I see the following listed:

Accepts Healthy Volunteers:  

No

 

So I guess they are not yet at the point where they are doing studies on new patients or healthy patients.

 

Sorry for my lack of patience. I need them to develop a cure yesterday. I have a 13 year old and it is obvious he will need to be taken care of his entire life... I don't recall being so stubborn at 13... my parents may disagree.

[r06ue1]

As part of the trial, they are also looking at patients taking only ABL001.  This may come after response, not sure as I don't have the details.  Also, if you are having too many issues with side effects of current medications you may qualify for the trial.  

 

No mention of this being a cure but it appears to work better than current TKI's and has less side affects.  My hope is that people who take it can eventually discontinue the use and have better results in staying off the drug than current drugs.

[Lynne D]

I have been in the ABL001 trial since April 2015. I had been on Gleevec, Tasigna, back to Gleevec then Sprycel. I developed a mutation (f317l) and I was the first patient of Dr. Mauro's first Clinical Trial at Memorial Sloan Kettering Cancer Center. I had never been in MMR before, I started ABL001 on my 10 year cancerversary, and I was immediately undetectable and am still undetectable 25 months later. I have less side effects than any other TKI. I started on 200mg twice a day. I lowered to 150 twice a day due to high blood pressure brought on by a bout of rhabdomyolsis because they started me on Crestor, abl001 and a workout in the gym. I was hospitalized for a week.
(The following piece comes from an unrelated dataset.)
(* In $\mathrm{Leib}$, for every $n\ge1$, $0\le i\le n$ and $0\le j\le n-1$: \[ \rho_i^n\chi_j^n=\begin{cases} \chi_{j+1}^{n+1}\rho_i^n & \text{if } j>i,\\ \chi_{i+1}^{n+1}\chi_i^{n+1}\rho_{i+1}^n-\chi_{i+1}^{n+1}\chi_i^{n+1}\chi_{i+1}^{n+1}\rho_i^n+\chi_i^{n+1}\chi_{i+1}^{n+1}\rho_{i-1}^n & \text{if } j=i,\\ \chi_j^{n+1}\rho_i^n & \text{if } j<i. \end{cases}\]
   Context: Let $\Bbbk$ be a field and $\mathbb{K}=\bigoplus_{n\in\mathbb N}\Bbbk1_n$ with $1_n1_m=\delta_{nm}1_n$. A $\mathbb K$-algebra is the categorical algebra of a small $\Bbbk$-linear category with object set $\mathbb N$ (a doubly graded algebra $\bigoplus_{n,m}V_{n,m}$ with local units $1_n$). Generators: $\partial^n_j$ ($n\ge0$, $0\le j\le n$) of bidegree $(n+1,n)$ (a morphism $n\to n+1$) and $\chi^n_i$ ($n\ge1$, $0\le i\le n-1$) of bidegree $(n,n)$; products with mismatched degrees are $0$. $\mathrm{Mag}$ is the free $\mathbb K$-algebra on the $\partial^n_j$ modulo $\partial^{n+1}_i\partial^n_j=\partial^{n+1}_{j+1}\partial^n_i$ for $0\le i<j\le n$. $\mathrm{Sym}$ is the free $\mathbb K$-algebra on the $\chi^n_i$ modulo $\chi^n_i\chi^n_j=\chi^n_j\chi^n_i$ ($|i-j|\ge2$), $\chi^n_i\chi^n_{i+1}\chi^n_i=\chi^n_{i+1}\chi^n_i\chi^n_{i+1}$, $\chi^n_i\chi^n_i=1_n$; thus $1_n\mathrm{Sym}1_n\cong\Bbbk[S_{n+1}]$. $\mathrm{Sym}\otimes_\zeta\mathrm{Mag}$ is the $\mathbb K$-algebra generated by $\mathrm{Sym}$ and $\mathrm{Mag}$ with underlying bimodule $\mathrm{Sym}\otimes_{\mathbb K}\mathrm{Mag}$ and additional commutation relations $\partial_i^n\chi_j^n=\chi^{n+1}_{j+1}\partial^n_i$ if $i<j$; $=\chi^{n+1}_{i+1}\chi^{n+1}_i\partial^n_{i+1}$ if $i=j$; $=\chi^{n+1}_{i-1}\chi^{n+1}_i\partial^n_{i-1}$ if $i=j+1$; $=\chi^{n+1}_j\partial^n_i$ if $i>j+1$. $\mathrm{Leib}$ is the quotient of $\mathrm{Sym}\otimes_\zeta\mathrm{Mag}$ by the ideal generated by $\partial^{n+1}_{j+1}\partial^n_j-(1_{n+2}-\chi^{n+2}_{j+1})\partial^{n+1}_j\partial^n_j$, $0\le j\le n$, $n\ge0$. In $\mathrm{Leib}$, $\rho^n_{-1}:=0$ and $\rho^n_j:=\partial^n_j+\sum_{a=1}^j\chi^{n+1}_j\cdots\chi^{n+1}_a\partial^n_{a-1}$ for $0\le j\le n$ (equivalently $\rho^n_{j+1}=\partial^n_{j+1}+\chi^{n+1}_{j+1}\rho^n_j$). *)

theory Defs
  imports Main "HOL-Library.Poly_Mapping"
begin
Then they reformulated from capsules into pills so the dosage changed and I am currently on 160 mg twice a day. I hope this helps anyone. I also have a facebook group dedicated to ABL001. The link is below if anyone is interested. 

 

Thanks

Lynne

 

https://www.facebook...53028488228609/

[gerry]

Thanks Lynne - great to hear outcomes of this drug. :-)

[TeddyB]

Encouraging indeed.

 

If the trials go well, does anyone know when ABL001 is expected to "hit the market"?

And who will get it? Only those who do not respond to the other TKI`s or everyone?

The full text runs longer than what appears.